Самолет разгрузили быстро. В глубь леса унесли новую рацию, боеприпасы, продукты, газеты и книги.
Три партизана подвели к самолету полковника Ормана. На всякий случай большая ушанка была надета на нем задом-наперед, чтобы глаза не видели ничего вокруг. Казалось, что голова свернута раз и навсегда. Полковник крутил ею и свинцово-серо светился в ночи погонами и значками.
Появился партизанский доктор. Он нес сверток одеял, внутри которого, как личинка в коконе, лежал Семенов.
– Дай помогу, - просил, идя за ним следом, Виктор Дубровский.
– Дай помогу...
Доктор не оборачивался. Нести Семенова было легко: он весил не больше двух пудов. В самолете было холоднее, чем в лесу. Может быть, доктору так казалось, но он побежал за другими одеялами.
Виктор Дубровский подошел к Дьяченко.
– Может, погодим?
– сказал он.
– Что?
– не понял тот.
– Может, погодим пацана отправлять?
– Нет, - отрубил командир отряда, но, взглянув на Виктора, счел нужным объяснить: - Во-первых, врач считает, что жизнь мальчика в опасности. Во-вторых, у нас нет медикаментов и специалистов по этим болезням. В-третьих, у меня нет времени обдумать твое предложение. Самолет улетит через десять минут.
Дубровский посмотрел в глаза командира и понял, что просить бесполезно. Дьяченко был непреклонен.
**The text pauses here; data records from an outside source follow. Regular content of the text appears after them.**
(* Let $A$ be a separable unital $C^{*}$-algebra, $\alpha\in\mathrm{Aut}(A)$, and let $u$ be the canonical unitary of $C^{*}(\mathbb{Z},A,\alpha)$. Let $\varepsilon>0$, $n\in\mathbb{N}$, and let $c_0,\ldots,c_n\in A$ satisfy: $0\le c_j\le1$ for $0\le j\le n$; $c_jc_k=0$ for $j\ne k$; and $\|\alpha(c_j)-c_{j+1}\|<\varepsilon$ for $0\le j\le n-1$. Then for $0\le j\le n$ and $1\le k\le n$, we have $\|c_ju^{-k}c_j\|<3n\varepsilon$ and $\|c_ju^kc_j\|<3n\varepsilon$.
   Context: $C^{*}(\mathbb{Z},A,\alpha)$ is the crossed product, containing $A$, with canonical unitary $u$ satisfying $uau^{*}=\alpha(a)$ for $a\in A$. *)

theory Defs
  imports "HOL-Analysis.Analysis"
begin

class cstar_algebra = real_normed_algebra_1 + banach +
  fixes cscale :: "complex \<Rightarrow> 'a \<Rightarrow> 'a"
    and adj :: "'a \<Rightarrow> 'a"
  assumes cscale_of_real: "cscale (complex_of_real r) x = scaleR r x"
    and cscale_add_right: "cscale a (x + y) = cscale a x + cscale a y"
    and cscale_add_left: "cscale (a + b) x = cscale a x + cscale b x"
    and cscale_cscale: "cscale a (cscale b x) = cscale (a * b) x"
    and cscale_one: "cscale 1 x = x"
    and cscale_mult_left: "cscale a x * y = cscale a (x * y)"
    and cscale_mult_right: "x * cscale a y = cscale a (x * y)"
    and norm_cscale: "norm (cscale a x) = cmod a * norm x"
    and adj_adj: "adj (adj x) = x"
    and adj_add: "adj (x + y) = adj x + adj y"
    and adj_mult: "adj (x * y) = adj y * adj x"
    and adj_cscale: "adj (cscale a x) = cscale (cnj a) (adj x)"
    and cstar_identity: "norm (adj x * x) = norm x ^ 2"
definition serial_sched :: "(nat \<Rightarrow> real) \<Rightarrow> np_sched" where
  "serial_sched st i = (False, 1, st i)"

lemma np_finish_serial_sched [simp]: "np_finish T (serial_sched st) i = st i + ser (T!i)"
  by (simp add: np_finish_def serial_sched_def np_start_def np_par_def np_procs_def work_def)

lemma feasible_np_serial_sched:
  assumes "1 \<le> p"
    and arrival: "\<And>i. i < length T \<Longrightarrow> arr (T!i) \<le> st i"
    and disjoint: "\<And>i j. i < j \<Longrightarrow> j < length T \<Longrightarrow>
      st i + ser (T!i) \<le> st j \<or> st j + ser (T!j) \<le> st i"
  shows "feasible_np p T (serial_sched st)"
proof -
  have "(\<Sum>i<length T. np_alloc T (serial_sched st) i t) \<le> 1" for t
  proof -
    let ?A = "{i. i < length T \<and> st i \<le> t \<and> t < st i + ser (T!i)}"
    have "(\<Sum>i<length T. np_alloc T (serial_sched st) i t) = card ?A"
      by (simp add: np_alloc_def serial_sched_def np_start_def np_procs_def sum.If_cases Int_def)
    also have "card ?A \<le> Suc 0"
    proof (subst card_le_Suc0_iff_eq)
      show "\<forall>i\<in>?A. \<forall>j\<in>?A. i = j"
        using disjoint by (smt (verit) linorder_neqE_nat mem_Collect_eq)
    qed simp
    finally show ?thesis by simp
  qed
  then show ?thesis
    using assms(1) arrival unfolding feasible_np_def
    by (auto simp: serial_sched_def np_start_def np_procs_def np_par_def intro: order_trans)
qed

definition np_load :: "task list \<Rightarrow> np_sched \<Rightarrow> real \<Rightarrow> nat" where
  "np_load T d t = (\<Sum>i<length T. np_alloc T d i t)"
(* Let $\Pi$ be a $3$-decomposable $30$-half-period with classes $A,B,C$. Then $N_{15}^{bi}(\Pi)=15$.
   Context: An allowable sequence on an $n$-element set is a doubly infinite sequence of permutations of the set (lists on positions $1,\dots,n$) in which consecutive permutations differ by swapping two adjacent elements (a transposition) and $\pi_{i+\binom n2}$ is the reverse of $\pi_i$; an $n$-half-period is a block $(\pi_0,\dots,\pi_{\binom n2})$ of consecutive permutations (each pair of elements is swapped exactly once in it). A transposition swapping the elements in positions $i,i+1$ is an $i$-transposition; for $1\le k\le n/2$ it is $k$-critical if it is a $k$-transposition or an $(n-k)$-transposition (for $n=30$, the $15$-critical transpositions are the $15$-transpositions). An $n$-half-period $\Pi$ ($3\mid n$) is $3$-decomposable if its elements can be labeled $A=\{a_1,\dots,a_{n/3}\}$, $B=\{b_1,\dots,b_{n/3}\}$, $C=\{c_1,\dots,c_{n/3}\}$ so that its first permutation is $(a_{n/3},\dots,a_1,b_1,\dots,b_{n/3},c_1,\dots,c_{n/3})$, every transposition between an element of $A$ and an element of $B$ occurs before every transposition between an element of $C$ and an element of $A\cup B$, and every transposition between $A$ and $C$ occurs before every transposition between $B$ and $C$. A transposition is bichromatic if its two elements lie in different classes among $A,B,C$. $N_k^{bi}(\Pi)$ is the number of bichromatic $k$-critical transpositions of $\Pi$. *)

theory Defs
  imports Main
begin
(* Consider the system on the projected Kasner state space in the context and a solution with $\Sigma_A\Sigma_C\neq0$ initially. Then its $\alpha$-limit set is contained in the closed arc $\{\Sigma_A=\Sigma_C=0,\ \Sigma_+^2+\Sigma_B^2=1,\ -1\le\Sigma_+\le-\tfrac12,\ 0\le\Sigma_B\le\tfrac{\sqrt3}{2}\}$, and its $\omega$-limit set is contained in the closed arc $\{\Sigma_A=\Sigma_C=0,\ \Sigma_+^2+\Sigma_B^2=1,\ \tfrac12\le\Sigma_+\le1,\ -\tfrac{\sqrt3}{2}\le\Sigma_B\le0\}$.
   Context: The projected Kasner system is the ODE system for $(\Sigma_+,\Sigma_A,\Sigma_B,\Sigma_C)\in\mathbb R^4$ restricted to the invariant sphere $\Sigma_+^2+\Sigma_A^2+\Sigma_B^2+\Sigma_C^2=1$: $\Sigma_+'=3\Sigma_A^2$, $\Sigma_A'=-(3\Sigma_++\sqrt3\Sigma_B)\Sigma_A$, $\Sigma_B'=\sqrt3\Sigma_A^2-2\sqrt3\Sigma_C^2$, $\Sigma_C'=2\sqrt3\Sigma_B\Sigma_C$, where $'$ denotes $d/d\tau$, $\tau\in\mathbb R$. *)

theory Defs
  imports "HOL-Analysis.Analysis"
begin

type_synonym state = "real \<times> real \<times> real \<times> real"
  (* (Sigma_+, Sigma_A, Sigma_B, Sigma_C) *)

definition kasner_solution ::
  "(real \<Rightarrow> real) \<Rightarrow> (real \<Rightarrow> real) \<Rightarrow> (real \<Rightarrow> real) \<Rightarrow> (real \<Rightarrow> real) \<Rightarrow> bool" where
  "kasner_solution Sp SA SB SC \<longleftrightarrow>
     (\<forall>t. (Sp has_real_derivative 3 * (SA t)\<^sup>2) (at t)
        \<and> (SA has_real_derivative - (3 * Sp t + sqrt 3 * SB t) * SA t) (at t)
        \<and> (SB has_real_derivative sqrt 3 * (SA t)\<^sup>2 - 2 * sqrt 3 * (SC t)\<^sup>2) (at t)
        \<and> (SC has_real_derivative 2 * sqrt 3 * SB t * SC t) (at t))"

definition omega_limit :: "(real \<Rightarrow> 'a::metric_space) \<Rightarrow> 'a set" where
  "omega_limit x = {p. \<exists>s::nat \<Rightarrow> real. filterlim s at_top sequentially \<and> (\<lambda>n. x (s n)) \<longlonglongrightarrow> p}"

definition alpha_limit :: "(real \<Rightarrow> 'a::metric_space) \<Rightarrow> 'a set" where
  "alpha_limit x = {p. \<exists>s::nat \<Rightarrow> real. filterlim s at_bot sequentially \<and> (\<lambda>n. x (s n)) \<longlonglongrightarrow> p}"

definition alpha_arc :: "state set" where
  "alpha_arc = {(sp, sa, sb, sc). sa = 0 \<and> sc = 0 \<and> sp\<^sup>2 + sb\<^sup>2 = 1
      \<and> -1 \<le> sp \<and> sp \<le> -1/2 \<and> 0 \<le> sb \<and> sb \<le> sqrt 3 / 2}"

definition omega_arc :: "state set" where
  "omega_arc = {(sp, sa, sb, sc). sa = 0 \<and> sc = 0 \<and> sp\<^sup>2 + sb\<^sup>2 = 1
      \<and> 1/2 \<le> sp \<and> sp \<le> 1 \<and> - (sqrt 3 / 2) \<le> sb \<and> sb \<le> 0}"

end

theory Submission
  imports Defs
begin

text \<open>
  Along a solution on the unit sphere, \<open>\<Sigma>\<^sub>+\<close> and \<open>\<Sigma>\<^sub>+ - \<surd>3 \<Sigma>\<^sub>B\<close> are
  nondecreasing (their derivatives are \<open>3\<Sigma>\<^sub>A\<^sup>2\<close> and \<open>6\<Sigma>\<^sub>C\<^sup>2\<close>) and bounded, so
  \<open>\<Sigma>\<^sub>+ \<rightarrow> a\<close> and \<open>\<Sigma>\<^sub>B \<rightarrow> c\<close> as \<open>t \<rightarrow> \<infinity>\<close>.  Thus \<open>\<Sigma>\<^sub>A\<^sup>2\<close> and \<open>\<Sigma>\<^sub>C\<^sup>2\<close> have convergent
  primitives and bounded derivatives, and Barbalat's lemma gives \<open>\<Sigma>\<^sub>A, \<Sigma>\<^sub>C \<rightarrow> 0\<close>; hence the
  orbit converges to \<open>(a, 0, c, 0)\<close> with \<open>a\<^sup>2 + c\<^sup>2 = 1\<close>.  Since \<open>\<Sigma>\<^sub>A\<close> and \<open>\<Sigma>\<^sub>C\<close>
  solve scalar linear equations \<open>u' = g u\<close> and are initially nonzero, they never vanish,
  and their decay forces the limiting rates \<open>2\<surd>3 c\<close> and \<open>-(3a + \<surd>3 c)\<close> to be
  nonpositive; this places \<open>(a, c)\<close> on the \<open>\<omega>\<close>-arc.  The \<open>\<alpha>\<close>-limit statement follows
  from the symmetry \<open>t \<mapsto> -t\<close>, \<open>(\<Sigma>\<^sub>+, \<Sigma>\<^sub>A, \<Sigma>\<^sub>B, \<Sigma>\<^sub>C) \<mapsto> (-\<Sigma>\<^sub>+, \<Sigma>\<^sub>A, -\<Sigma>\<^sub>B, \<Sigma>\<^sub>C)\<close>,
  which exchanges the two arcs.
\<close>

lemma bounded_mono_tendsto:
  fixes f :: "real \<Rightarrow> real"
  assumes mono: "mono f" and bound: "\<And>t. f t \<le> B"
  shows "\<exists>a. (f \<longlongrightarrow> a) at_top"
proof
  have bdd: "bdd_above (range f)" using bound by (auto intro!: bdd_aboveI[where M=B])
  show "(f \<longlongrightarrow> Sup (range f)) at_top"
  proof (rule increasing_tendsto)
    show "\<forall>\<^sub>F t in at_top. f t \<le> Sup (range f)"
      using bdd by (auto intro!: always_eventually cSUP_upper)
  next
    fix x assume "x < Sup (range f)"
    then obtain s where "x < f s" using bdd by (meson less_cSUP_iff UNIV_I UNIV_not_empty)
    then show "\<forall>\<^sub>F t in at_top. x < f t"
      unfolding eventually_at_top_linorder using mono by (meson monoD order_less_le_trans)
  qed
qed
У него было еще и "в-четвертых", о котором он никому не хотел говорить: фашисты нащупали местоположение отряда и придется переходить на новое место.
Прибежал врач с одеялами и сказал пилоту, что мальчика нельзя надолго оставлять одного, и если будет холодно, то придется его еще раз укутать.
– А документы на него есть?
– спросил летчик.
– Нет, - сказал Дьяченко.
– Документов нет, а сам он не помнит ни фамилии своей, ни имени.
– Фамилию я знаю точно, - сказал Дубровский.
– Его фамилия Семенов, а имени и отчества я вспомнить не могу. Запишите условно: Семенов Алеша... Кажется, все-таки Алеша.
Сказав это, Виктор вдруг вспомнил, что знал отчество Эльвиры. Он однажды, дурачась, назвал ее Эльвирой Вячеславовной, а она неожиданно обиделась. Потом только он узнал, почему обиделась Эльвира.
– Значит, Семенов. Без имени и без отчества, - говорил летчик, записывая что-то на скрипящей кожаной плантетке.